1. Isn't ur approach would find max-subsqure matrix then rather than max-subrectangle? How do you find it here ?
1 0 1 1 1
0 1 1 1 1
0 1 0 1 1
1 1 1 1 1
2. Do u mean 2n-1 is the length of diagonal in n x n given matrix? Or, do u mean possible starting-ending point for the diagonals?
The question asks for max sub-square, not rectangle.
No, 2n-1 the _number_ of diagonal_s_. One big diagonal of size n, 2 of size n-1 just next to it and so on...
I think you are wrong to interpret the question. Read again pls. It asks for max submatrix (matrix never means 2 dimension is equal). Look at the example in OP
0 1 0 1 0 1 1 1
0 1 1 1 1 1 1 0
1 1 0 1 1 0 1 1
0 1 0 0 1 0 1 0
0 1 1 1 1 1 1 1
so the submatrix from (1,1)to (4,6) is the answer
=> Look carefully, solution is a 4 by 5 submatrix.
Secondly, I doubt if you are right here. How could 2n-1 be # of diagonals? It should be 1 + 2 + 3 + ... n = O(n^2).
Sorry, it was a typo...
solution is 4 by 6 submatrix.
So, overall I can't accept your solution to be O(n^2) for the specific problem!
Reading again and repeating here for your benefit: "given matrix will bee square matrix and we have find square submatrix as well"
There are 2n-1 diagonals, going from top left to bottom (or diagonals of slope -1, if you will). Any square submatrix's top left corner will be on one of those diagonals, and the bottom right corner would be on the same diagonal as the top left corner.

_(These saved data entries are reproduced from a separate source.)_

(* There is an absolute constant $a>0$ such that the following holds. Let $X$ be a finite or countable set and let $C\subseteq\{0,1\}^X$ be a concept class with VC dimension $d$, $0<d<\infty$, whose dual class $C^*$ has VC dimension $d^*$, $0<d^*<\infty$. Then $C$ has a sample compression scheme of size at most $k\log_2 k$, where $k=a\,d^*d$.
   Context: A concept class is a set $C\subseteq\{0,1\}^X$ of functions $X\to\{0,1\}$. A set $Y\subseteq X$ is $C$-shattered if for every $Z\subseteq Y$ there is $c\in C$ with $c(x)=1$ for all $x\in Z$ and $c(x)=0$ for all $x\in Y\setminus Z$; the VC dimension of $C$ is the maximum size of a $C$-shattered set. The dual class $C^*\subseteq\{0,1\}^C$ is the set of all functions $f_x:C\to\{0,1\}$, $x\in X$, defined by $f_x(c)=c(x)$. A $C$-labeled sample is a pair $(Y,y)$ where $Y$ is a finite multiset of elements of $X$ and $y=c|_Y$ for some $c\in C$; its size is the size of $Y$ as a multiset. $L_C(k)$ denotes the set of $C$-labeled samples of size at most $k$, and $L_C(\infty)$ the set of all finite $C$-labeled samples. A sample compression scheme for $C$ with kernel size $k$ and side information $I$ ($I$ a finite set) consists of a compression map $\kappa:L_C(\infty)\to L_C(k)\times I$ sending $(Y,y)$ to $((Z,z),i)$ with $Z\subseteq Y$ and $z=y|_Z$, and a reconstruction map $\rho:L_C(k)\times I\to\{0,1\}^X$ such that $\rho(\kappa(Y,y))|_Y=y$ for all $(Y,y)\in L_C(\infty)$. The size of the scheme is $k+\log_2|I|$. *)

theory Defs
  imports Complex_Main "HOL-Library.Multiset"
begin

text \<open>A concept class over a domain D is a set H of functions 'a => bool;
  only the values on D matter.\<close>

definition shatters :: "'a set \<Rightarrow> ('a \<Rightarrow> bool) set \<Rightarrow> 'a set \<Rightarrow> bool" where
  "shatters D H Y \<longleftrightarrow> Y \<subseteq> D \<and>
     (\<forall>Z\<subseteq>Y. \<exists>c\<in>H. (\<forall>x\<in>Z. c x) \<and> (\<forall>x\<in>Y - Z. \<not> c x))"

definition has_vc_dim :: "'a set \<Rightarrow> ('a \<Rightarrow> bool) set \<Rightarrow> nat \<Rightarrow> bool" where
  "has_vc_dim D H d \<longleftrightarrow>
     (\<exists>Y. shatters D H Y \<and> finite Y \<and> card Y = d) \<and>
     (\<forall>Y. shatters D H Y \<longrightarrow> finite Y \<and> card Y \<le> d)"

definition dual_class :: "'a set \<Rightarrow> (('a \<Rightarrow> bool) \<Rightarrow> bool) set" where
  "dual_class X = (\<lambda>x c. c x) ` X"

definition labeled_sample :: "'a set \<Rightarrow> ('a \<Rightarrow> bool) set \<Rightarrow> ('a \<times> bool) multiset \<Rightarrow> bool" where
  "labeled_sample X C S \<longleftrightarrow> (\<forall>p\<in>#S. fst p \<in> X) \<and> (\<exists>c\<in>C. \<forall>p\<in>#S. c (fst p) = snd p)"

definition compression_scheme ::
  "'a set \<Rightarrow> ('a \<Rightarrow> bool) set \<Rightarrow> nat \<Rightarrow> 'i set
   \<Rightarrow> (('a \<times> bool) multiset \<Rightarrow> ('a \<times> bool) multiset \<times> 'i)
   \<Rightarrow> (('a \<times> bool) multiset \<Rightarrow> 'i \<Rightarrow> ('a \<Rightarrow> bool)) \<Rightarrow> bool" where
  "compression_scheme X C k I \<kappa> \<rho> \<longleftrightarrow> finite I \<and>
     (\<forall>S. labeled_sample X C S \<longrightarrow>
        fst (\<kappa> S) \<subseteq># S \<and> size (fst (\<kappa> S)) \<le> k \<and> snd (\<kappa> S) \<in> I \<and>
        (\<forall>p\<in>#S. \<rho> (fst (\<kappa> S)) (snd (\<kappa> S)) (fst p) = snd p))"

end

theory Submission
  imports Defs "HOL-Library.FuncSet"
begin
(* Let $U$ be a subgroup of $\mathbf{T}/\{\pm1\}$ with at least three elements. Then $R(U)$ is a subring of $\mathbb{C}$ (closed under addition, negation and multiplication, and containing $0$ and $1$). Moreover, $R(U)$ is exactly the set of finite $\mathbb{Z}$-linear combinations of finite products of complex numbers of the form $$\frac{1-u^2}{1-v^2},$$ where $u,v\in\mathbf{T}$ are representatives of elements of $U$ and $v^2\neq 1$. (The value $u^2$ does not depend on the choice of representative.) Equivalently, setting $V=\{u^2: u\in\mathbf{T} \text{ represents an element of } U\}\subset\mathbf{T}$, $R(U)$ is the set of finite $\mathbb{Z}$-linear combinations of finite products of numbers $\frac{1-a}{1-b}$ with $a,b\in V$, $b\neq 1$.
   Context: Let $\mathbf{T}=\{z\in\mathbb{C}:|z|=1\}$. An angle is an element of the quotient group $\mathbf{T}/\{\pm1\}$; in formulas an angle is represented by either of its two representatives $u\in\mathbf{T}$. For $p\in\mathbb{C}$ and an angle $u$, let $L_u(p)=\{p+ru: r\in\mathbb{R}\}$ (the line through $p$ with direction $u$). For distinct angles $u,v$ and $p,q\in\mathbb{C}$, $I_{u,v}(p,q)$ denotes the unique point of $L_u(p)\cap L_v(q)$. For a subgroup $U$ of $\mathbf{T}/\{\pm1\}$, $R(U)$ denotes the smallest subset of $\mathbb{C}$ that contains $0$ and $1$ and such that $I_{u,v}(p,q)\in R(U)$ whenever $p,q\in R(U)$ and $u,v$ are distinct elements of $U$. *)

theory Defs
  imports Complex_Main
begin

text \<open>An angle (element of T/{+-1}) is represented by either representative u with |u| = 1.
  A subgroup U of T/{+-1} is represented by its full preimage W in T, i.e. a subgroup of the
  circle group T containing -1.\<close>

definition angle_subgroup :: "complex set \<Rightarrow> bool" where
  "angle_subgroup W \<longleftrightarrow> (\<forall>u\<in>W. norm u = 1) \<and> 1 \<in> W \<and> -1 \<in> W \<and>
     (\<forall>u\<in>W. \<forall>v\<in>W. u * v \<in> W) \<and> (\<forall>u\<in>W. inverse u \<in> W)"

definition same_angle :: "complex \<Rightarrow> complex \<Rightarrow> bool" where
  "same_angle u v \<longleftrightarrow> u = v \<or> u = - v"

definition line :: "complex \<Rightarrow> complex \<Rightarrow> complex set" where
  "line u p = {p + complex_of_real r * u | r. True}"

definition isect :: "complex \<Rightarrow> complex \<Rightarrow> complex \<Rightarrow> complex \<Rightarrow> complex" where
  "isect u v p q = (THE z. z \<in> line u p \<inter> line v q)"

inductive_set RU :: "complex set \<Rightarrow> complex set" for W :: "complex set" where
  zero: "0 \<in> RU W"
| one: "1 \<in> RU W"
| isect: "\<lbrakk>p \<in> RU W; q \<in> RU W; u \<in> W; v \<in> W; \<not> same_angle u v\<rbrakk>
           \<Longrightarrow> isect u v p q \<in> RU W"

definition is_subring :: "complex set \<Rightarrow> bool" where
  "is_subring S \<longleftrightarrow> 0 \<in> S \<and> 1 \<in> S \<and> (\<forall>x\<in>S. \<forall>y\<in>S. x + y \<in> S) \<and>
     (\<forall>x\<in>S. - x \<in> S) \<and> (\<forall>x\<in>S. \<forall>y\<in>S. x * y \<in> S)"

definition int_comb_prods :: "complex set \<Rightarrow> complex set" where
  "int_comb_prods G = {z. \<exists>(n::nat) (c::nat \<Rightarrow> int) (m::nat \<Rightarrow> nat) (g::nat \<Rightarrow> nat \<Rightarrow> complex).
       (\<forall>i<n. \<forall>j<m i. g i j \<in> G) \<and> z = (\<Sum>i<n. of_int (c i) * (\<Prod>j<m i. g i j))}"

You are free not to accept anything without proper proof, which is a good trait, if, you are willing to put some effort yourself first.
Similarly I am free not to care whether you accept it or not :-)
I think it works. For an interview an O(n^3) solution will be acceptable, IMO.
btw, we are counting # of diagonal, not the number of squares on each diagonal.
For each diagonal of length d, the B and T give an O(d) algorithm. Adding up as you did, give an O(n^2) algorithm.
I can't understand why people like to put additional constrain to a problem. As supersonglj pointed O(n^3) is doable like max-subrectangle problem. Interviewer didn't ask to do in O(n^2), right? Then why need to make it complex?
I found for square submatrix, one posted diagonal-based searching that is with optimum O(n^2) complexity for this problem.
However, I'm wondering how O(n^3) solution could be derived for finding rectangular submatrix with max area for the above problem. My approach is O(n^4) which seems too slow. Any idea?
O(n^2 log n) is possible I think.
- Anonymous August 30, 2011For each entry, we consider if it can be the top-left or bottom-right corner of a square.
We preprocess in O(n^2) time, filling each entry with max possible lengths of the top-left and bottom right square.
Now we go over each diagonal and try to find a top-left/bottom-right pair.
Say for a diagonal, we have the arrays
TL[1,..., d] and BR[1,...d]
We can form a square with i and j (note this is along the diagonal) if
TL[i] >= j-i+1
and
BR[j] >= j-i+1.
This can be rewritten as
TL[i]+i-1 >= j and BR[j] -j -1 >= -i
Form new array T[i] = TL[i] + i - 1, B[j] = BR[j] - j - 1.
Now for each i, you need to find the right most j in [i, T[i]] such that B{j] >= -i. This can be done in O(nlog n) time total if we use balanced trees.
Thus we get an O(n^2 log n) algorithm.
O(n^2) seems possible, perhaps using some kind of range minimum query structures.